Experienced users of friction stir welding (FSW) invariably describe the process as a significant advancement in aluminum joining, capable of producing stronger, more durable joints with less distortion than conventional fusion welding. The technique uses the high rotational speed of a tool and the resulting frictional heat created from contact to crush, stir together, and forge a bond between two metal alloys. Since being patented in 1991 by The Welding Institute (TWI), Cambridge, England, friction stir welding has been the focus of considerable research and development that continues to produce innovations in machinery, tooling, and process development.

Many benefits of friction stir welding derive from its being a solid-state process, in which joining occurs without fusion (below the melting point) of the metal alloys to be welded. The absence of melting eliminates many of the problems normally associated with conventional metal welding, such as fumes, spatter, porosity, solidification cracking, and shrinkage. As a result, the process can be used to join materials such as 2000 and 7000 aluminum alloys that are difficult to fusion weld.
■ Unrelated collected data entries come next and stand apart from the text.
lemma exists_lifted_point_with_power_signs:
  fixes c :: "'i \<Rightarrow> 'a::real_inner"
  assumes "finite K" and cells: "\<And>\<gamma>. \<gamma> \<subseteq> K \<Longrightarrow> power_cell c r K \<gamma> \<noteq> {}"
    and "\<sigma> \<subseteq> \<tau>" "\<tau> \<subseteq> K"
  shows "\<exists>x T. norm x ^ 2 \<le> T \<and> (\<forall>i\<in>\<sigma>. lifted_power (c i) (r i) x T < 0) \<and>
    (\<forall>i\<in>\<tau> - \<sigma>. lifted_power (c i) (r i) x T = 0) \<and> (\<forall>i\<in>K - \<tau>. 0 < lifted_power (c i) (r i) x T)"
proof -
  define M where "M = \<tau> - \<sigma>"
  have "finite M"
    using assms(1,4) finite_subset unfolding M_def by blast
  define X where "X S = (SOME x. x \<in> power_cell c r K (\<sigma> \<union> S))" for S
  have X: "X S \<in> power_cell c r K (\<sigma> \<union> S)" if "S \<subseteq> M" for S
    unfolding X_def some_in_eq by (rule cells) (use that assms(3,4) in \<open>auto simp: M_def\<close>)
  define y where "y S i = sphere_power (c i) (r i) (X S)" for S i
  have y_neg: "y S i < 0" if "S \<subseteq> M" "i \<in> \<sigma> \<union> S" for S i
    using X[OF that(1)] that assms(3,4) unfolding y_def power_cell_def M_def by blast
  have y_pos: "0 < y S i" if "S \<subseteq> M" "i \<in> K - (\<sigma> \<union> S)" for S i
    using X[OF that(1)] that unfolding y_def power_cell_def by blast
  obtain l where l: "\<forall>S\<in>Pow M. 0 \<le> l S" "sum l (Pow M) = 1"
      "\<forall>i\<in>M. (\<Sum>S\<in>Pow M. l S * y S i) = 0"
  proof -
    have "0 < y S i" if "S \<subseteq> M" "i \<in> M - S" for S i
      using y_pos[OF that(1)] that assms(4) unfolding M_def by blast
    then show thesis
      using orthant_points_convex_comb_zero[OF \<open>finite M\<close>, of y] y_neg that by blast
  qed
  define x where "x = (\<Sum>S\<in>Pow M. l S *\<^sub>R X S)"
  define T where "T = (\<Sum>S\<in>Pow M. l S * norm (X S) ^ 2)"
  have epi: "norm x ^ 2 \<le> T"
    unfolding x_def T_def using \<open>finite M\<close> l(1,2)
    by (intro convex_on_sum[OF _ _ convex_on_norm_power2]) auto
  have lp: "lifted_power (c i) (r i) x T = (\<Sum>S\<in>Pow M. l S * y S i)" for i
    unfolding x_def T_def y_def lifted_power_convex_sum[OF l(2)] lifted_power_norm_power2 ..
  have neg: "lifted_power (c i) (r i) x T < 0" if "i \<in> \<sigma>" for i
  proof -
    have "\<forall>S\<in>Pow M. y S i < 0" using y_neg that by blast
    then show ?thesis
      unfolding lp using \<open>finite M\<close> l(1,2) convex_comb_less[of "Pow M" l "\<lambda>S. y S i" 0] by simp
  qed
  have zero: "lifted_power (c i) (r i) x T = 0" if "i \<in> \<tau> - \<sigma>" for i
    unfolding lp using l(3) that M_def by simp
  have pos: "0 < lifted_power (c i) (r i) x T" if "i \<in> K - \<tau>" for i
  proof -
    have "\<forall>S\<in>Pow M. 0 < y S i" using y_pos that assms(3) unfolding M_def by blast
    then show ?thesis
      unfolding lp using \<open>finite M\<close> l(1,2) convex_comb_greater[of "Pow M" l 0 "\<lambda>S. y S i"] by simp
  qed
  show ?thesis
    using epi neg zero pos by blast
qed

lemma exists_unit_normal_of_card_le_DIM:
  fixes S :: "'a::euclidean_space set"
  assumes "finite S" "card S \<le> DIM('a)"
  obtains u b where "norm u = 1" "\<forall>x\<in>S. inner u x = b"
proof -
  have "aff_dim S < DIM('a)"
    using aff_dim_le_card[OF assms(1)] assms(2) by linarith
  then obtain a b where "a \<noteq> 0" "S \<subseteq> {x. inner a x = b}"
    by (rule aff_lowdim_subset_hyperplane)
  show thesis
  proof (rule that[of "a /\<^sub>R norm a" "b / norm a"])
    show "norm (a /\<^sub>R norm a) = 1"
      using \<open>a \<noteq> 0\<close> by simp
    show "\<forall>x\<in>S. inner (a /\<^sub>R norm a) x = b / norm a"
      using \<open>S \<subseteq> {x. inner a x = b}\<close> by (auto simp: divide_inverse_commute)
  qed
qed

lemma exists_point_in_closures_of_power_cells:
  fixes c :: "'i \<Rightarrow> 'a::euclidean_space"
  assumes "finite K" "card K \<le> DIM('a)"
    and cells: "\<And>\<gamma>. \<gamma> \<subseteq> K \<Longrightarrow> power_cell c r K \<gamma> \<noteq> {}"
    and "\<sigma> \<subseteq> \<tau>" "\<tau> \<subseteq> K"
  shows "\<exists>p. (\<forall>i\<in>\<sigma>. sphere_power (c i) (r i) p < 0) \<and> (\<forall>i\<in>K - \<tau>. 0 < sphere_power (c i) (r i) p) \<and>
    (\<forall>\<gamma>. \<sigma> \<subseteq> \<gamma> \<and> \<gamma> \<subseteq> \<tau> \<longrightarrow> p \<in> closure (power_cell c r K \<gamma>))"
proof -
  have "finite (c ` K)" "card (c ` K) \<le> DIM('a)"
    using assms(1,2) card_image_le[OF assms(1), of c] by auto
  then obtain u b where "norm u = 1" "\<forall>z\<in>c ` K. inner u z = b"
    by (rule exists_unit_normal_of_card_le_DIM)
  then have u: "norm u = 1" "\<forall>i\<in>K. inner u (c i) = b"
    by simp_all
  obtain x T where xT: "norm x ^ 2 \<le> T" "\<forall>i\<in>\<sigma>. lifted_power (c i) (r i) x T < 0"
      "\<forall>i\<in>\<tau> - \<sigma>. lifted_power (c i) (r i) x T = 0" "\<forall>i\<in>K - \<tau>. 0 < lifted_power (c i) (r i) x T"
    using exists_lifted_point_with_power_signs[OF assms(1) cells assms(4,5)] by blast
  define p where "p = normal_lift u b x T"
  have power_p: "sphere_power (c i) (r i) p = lifted_power (c i) (r i) x T" if "i \<in> K" for i
    unfolding p_def by (rule sphere_power_normal_lift[OF u(1) _ xT(1)]) (use u(2) that in blast)
  have "p \<in> closure (power_cell c r K \<gamma>)" if \<gamma>: "\<sigma> \<subseteq> \<gamma>" "\<gamma> \<subseteq> \<tau>" for \<gamma>
  proof -
    obtain y where "y \<in> power_cell c r K \<gamma>"
      using cells[of \<gamma>] \<gamma> assms(5) by blast
    moreover have "\<forall>i\<in>K \<inter> \<gamma>. lifted_power (c i) (r i) x T \<le> 0"
    proof
      fix i assume "i \<in> K \<inter> \<gamma>"
      then show "lifted_power (c i) (r i) x T \<le> 0"
        using xT(2,3) \<gamma> by (cases "i \<in> \<sigma>") (auto simp: less_imp_le)
    qed
    moreover have "\<forall>i\<in>K - \<gamma>. 0 \<le> lifted_power (c i) (r i) x T"
    proof
      fix i assume i: "i \<in> K - \<gamma>"
      then have "i \<notin> \<sigma>" using \<gamma>(1) by blast
      then show "0 \<le> lifted_power (c i) (r i) x T"
        using xT(3,4) i by (cases "i \<in> \<tau>") (auto simp: less_imp_le)
    qed
    ultimately show ?thesis
      unfolding p_def by (rule normal_lift_in_closure_power_cell[OF u xT(1)])
  qed
  moreover have "\<forall>i\<in>\<sigma>. sphere_power (c i) (r i) p < 0"
    using power_p xT(2) assms(4,5) by (simp add: subset_iff)
  moreover have "\<forall>i\<in>K - \<tau>. 0 < sphere_power (c i) (r i) p"
    using power_p xT(4) by simp
  ultimately show ?thesis by blast
qed

section \<open>Atoms of balls\<close>

lemma atom_balls:
  fixes c :: "nat \<Rightarrow> 'a::metric_space"
  assumes "\<And>i. i \<in> {1..n} \<Longrightarrow> 0 \<le> r i \<and> U i = ball (c i) (r i)" and "\<gamma> \<subseteq> {1..n}"
  shows "atom U n \<gamma> = {x. \<forall>i\<in>{1..n}. i \<in> \<gamma> \<longleftrightarrow> sphere_power (c i) (r i) x < 0}"
proof (intro set_eqI)
  fix x
  have mem: "x \<in> U i \<longleftrightarrow> sphere_power (c i) (r i) x < 0" if "i \<in> {1..n}" for i
    using assms(1)[OF that] by (simp add: sphere_power_neg_iff)
  have "x \<in> atom U n \<gamma> \<longleftrightarrow> (\<forall>i\<in>{1..n}. i \<in> \<gamma> \<longleftrightarrow> x \<in> U i)"
    using assms(2) unfolding atom_def by auto
  also have "\<dots> \<longleftrightarrow> (\<forall>i\<in>{1..n}. i \<in> \<gamma> \<longleftrightarrow> sphere_power (c i) (r i) x < 0)"
    using mem by auto
  finally show "x \<in> atom U n \<gamma> \<longleftrightarrow> x \<in> {x. \<forall>i\<in>{1..n}. i \<in> \<gamma> \<longleftrightarrow> sphere_power (c i) (r i) x < 0}"
    by simp
qed

lemma atom_meeting_nhds_in_interval:
  fixes U :: "nat \<Rightarrow> 'a::topological_space set"
  assumes "\<sigma> \<subseteq> {1..n}"
    and inner: "\<And>i. i \<in> \<sigma> \<Longrightarrow> open (U i) \<and> p \<in> U i"
    and outer: "\<And>j. j \<in> {1..n} - \<tau> \<Longrightarrow> p \<notin> closure (U j)"
    and "\<gamma> \<subseteq> {1..n}" and meets: "\<And>N. open N \<Longrightarrow> p \<in> N \<Longrightarrow> atom U n \<gamma> \<inter> N \<noteq> {}"
  shows "\<gamma> \<in> interval \<sigma> \<tau>"
proof -
  define N where "N = (\<Inter>i\<in>\<sigma>. U i) \<inter> (\<Inter>j\<in>{1..n} - \<tau>. - closure (U j))"
  have "finite \<sigma>"
    using assms(1) finite_subset by blast
  then have "open N"
    unfolding N_def using inner by (intro open_Int open_INT) auto
  moreover have "p \<in> N"
    unfolding N_def using inner outer by blast
  ultimately obtain z where z: "z \<in> atom U n \<gamma>" "z \<in> N"
    using meets by blast
  have "\<sigma> \<subseteq> \<gamma>"
  proof
    fix i assume "i \<in> \<sigma>"
    then have "z \<in> U i" "i \<in> {1..n}"
      using z(2) assms(1) unfolding N_def by blast+
    then show "i \<in> \<gamma>"
      using z(1) unfolding atom_def by blast
  qed
  moreover have "\<gamma> \<subseteq> \<tau>"
  proof
    fix j assume "j \<in> \<gamma>"
    then have "z \<in> closure (U j)"
      using z(1) closure_subset unfolding atom_def by blast
    then show "j \<in> \<tau>"
      using z(2) \<open>j \<in> \<gamma>\<close> \<open>\<gamma> \<subseteq> {1..n}\<close> unfolding N_def by blast
  qed
  ultimately show ?thesis
    unfolding interval_def by blast
qed

lemma pierceable_atI:
  fixes U :: "nat \<Rightarrow> 'a::topological_space set"
  assumes "interval \<sigma> \<tau> \<subseteq> code U n" "\<sigma> \<subseteq> {1..n}"
    and inner: "\<And>i. i \<in> \<sigma> \<Longrightarrow> open (U i) \<and> p \<in> U i"
    and outer: "\<And>j. j \<in> {1..n} - \<tau> \<Longrightarrow> p \<notin> closure (U j)"
    and limit: "\<And>\<gamma>. \<gamma> \<in> interval \<sigma> \<tau> \<Longrightarrow> p \<in> closure (atom U n \<gamma>)"
  shows "pierceable_at U n \<sigma> \<tau> p"
  unfolding pierceable_at_def
proof (intro conjI equalityI subsetI)
  fix \<gamma> assume "\<gamma> \<in> interval \<sigma> \<tau>"
  then show "\<gamma> \<in> code U n" using assms(1) by blast
next
  fix \<gamma> assume "\<gamma> \<in> {\<gamma> \<in> code U n. \<forall>N. open N \<and> p \<in> N \<longrightarrow> atom U n \<gamma> \<inter> N \<noteq> {}}"
  then have \<gamma>: "\<gamma> \<subseteq> {1..n}" and meets: "\<And>N. open N \<Longrightarrow> p \<in> N \<Longrightarrow> atom U n \<gamma> \<inter> N \<noteq> {}"
    unfolding code_def by auto
  show "\<gamma> \<in> interval \<sigma> \<tau>"
    by (rule atom_meeting_nhds_in_interval[OF assms(2) inner outer \<gamma> meets])
next
  fix \<gamma> assume \<gamma>: "\<gamma> \<in> interval \<sigma> \<tau>"
  have "atom U n \<gamma> \<inter> N \<noteq> {}" if "open N" "p \<in> N" for N
    using open_Int_closure_eq_empty[OF that(1), of "atom U n \<gamma>"] limit[OF \<gamma>] that(2) by blast
  moreover have "\<gamma> \<in> code U n"
    using assms(1) \<gamma> by blast
  ultimately show "\<gamma> \<in> {\<gamma> \<in> code U n. \<forall>N. open N \<and> p \<in> N \<longrightarrow> atom U n \<gamma> \<inter> N \<noteq> {}}"
    by blast
qed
"The process joins materials that are generally considered unweldable, with high reliability and properties that approach the parent material," says Jack Thompson, chief engineer, General Tool Company (GTC), Cincinnati, Ohio. "Friction stir welding is penetrating critical applications for welded aluminum because it is an extremely robust, reliable process. If the process parameters are achieved, the weld will exhibit very predictable properties."
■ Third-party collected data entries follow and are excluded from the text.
definition assumptionA ::
  "real \<Rightarrow> real \<Rightarrow> real \<Rightarrow> (real \<Rightarrow> real \<Rightarrow> real) \<Rightarrow> (real \<Rightarrow> real \<Rightarrow> real) \<Rightarrow> bool" where
  "assumptionA T c C l r \<longleftrightarrow>
     (\<forall>x. continuous_on {0..T} (\<lambda>t. l t x) \<and> continuous_on {0..T} (\<lambda>t. r t x)) \<and>
     (\<forall>t\<in>{0..T}. strict_mono (l t) \<and> strict_mono (r t)) \<and>
     (\<forall>t\<in>{0..T}. \<forall>x y.
        c * \<bar>x - y\<bar> \<le> \<bar>l t x - l t y\<bar> \<and> \<bar>l t x - l t y\<bar> \<le> C * \<bar>x - y\<bar> \<and>
        c * \<bar>x - y\<bar> \<le> \<bar>r t x - r t y\<bar> \<and> \<bar>r t x - r t y\<bar> \<le> C * \<bar>x - y\<bar>) \<and>
     (\<exists>\<delta>>0. \<forall>t\<in>{0..T}. \<forall>x. \<delta> \<le> r t x - l t x)"

definition BSP_solution ::
  "real \<Rightarrow> (real \<Rightarrow> real \<Rightarrow> real) \<Rightarrow> (real \<Rightarrow> real \<Rightarrow> real) \<Rightarrow> (real \<Rightarrow> real) \<Rightarrow> real
    \<Rightarrow> (real \<Rightarrow> real) \<Rightarrow> (real \<Rightarrow> real) \<Rightarrow> bool" where
  "BSP_solution T l r s a x k \<longleftrightarrow>
     continuous_on {0..T} x \<and> k \<in> BV T \<and>
     (\<forall>t\<in>{0..T}. x t = a + s T - s t + k T - k t) \<and>
     (\<forall>t\<in>{0..T}. l t (x t) \<le> 0 \<and> 0 \<le> r t (x t)) \<and>
     (\<exists>kr kl. kr \<in> Incr T \<and> kl \<in> Incr T \<and> (\<forall>t\<in>{0..T}. k t = kr t - kl t) \<and>
        (\<integral>\<^sup>+ u. indicator {u\<in>{0..T}. l u (x u) < 0} u \<partial>stieltjes T kl) = 0 \<and>
        (\<integral>\<^sup>+ u. indicator {u\<in>{0..T}. r u (x u) > 0} u \<partial>stieltjes T kr) = 0)"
Aluminum alloys are not the only materials that can be joined by friction stir welding. Other low-temperature metalssuch as copper, lead, and magnesiumare currently being welded, and the joining of higher-temperature alloys, such as steel, titanium, and Inconel has also been demonstrated.

"Theoretically, almost any metal or thermoplastic can be friction stir welded," says Brent Christner, friction stir welding manager, Eclipse Aviation Corp., Albuquerque, New Mexico. "The key to the higher-temperature alloys is finding a pin tool material that retains stiffness, strength, fatigue, and wear resistance properties at the temperatures at which the materials being welded become plastic. Significant progress has been made in high-temperature tool materials over the last several years, and will soon be transitioned to production."

In conventional friction welding (a related, solid-state process), heat is generated as the two faying surfaces are rubbed together. However, friction stir welding goes one step further by employing a third piecea profiled, wear-resistant pin toolto create added heat and friction in the weld joint. During FSW, the pin of a shouldered tool is slowly plunged into the joint between the two materials to be welded, and rotated at high speed. The resulting friction creates a plasticized shaft of material around the pin. As the pin moves forward in the joint, it "stirs," or crushes, the plasticized material to create a solid-phase weld. The process uses a non-consumable tool that requires no filler wire or gas shielding for welding aluminum. Straight-line and complex-shape welds can be created while welding in virtually all positions.

Stronger, Lighter Suspension Links

Tower Automotive Inc. (Grand Rapids, Michigan) produces structural components, assemblies, and modules for original equipment manufacturers of passenger cars and light trucks. The firm recently worked in partnership with Ford Motor Company to develop a lightweight replacement suspension link with the increased durability necessary to withstand required loads. According to Tower Automotive, its testing confirmed the ability of friction stir welding to reduce weight, lower costs, and increase joint efficiency and fatigue life over gas metal arc welding, the method traditionally used by the automotive industry. During the design validation and process validation phases of the FSW link development, the company conducted tensile, compression, and fatigue tests to compare the FSW link design to tubular steel and stamped steel link designs.

"The fatigue test is where the FSW link outperforms the other two," says Art Scafe, advanced new product development leader for body and suspension structures. "On average, the tubular steel link failed around three lives, or 450,000 cycles, and the stamped link didn't make one life cycle. The friction stir-welded link lasted one million cycles, and when the load was increased by 15%, it went another 200,000 cycles without failure."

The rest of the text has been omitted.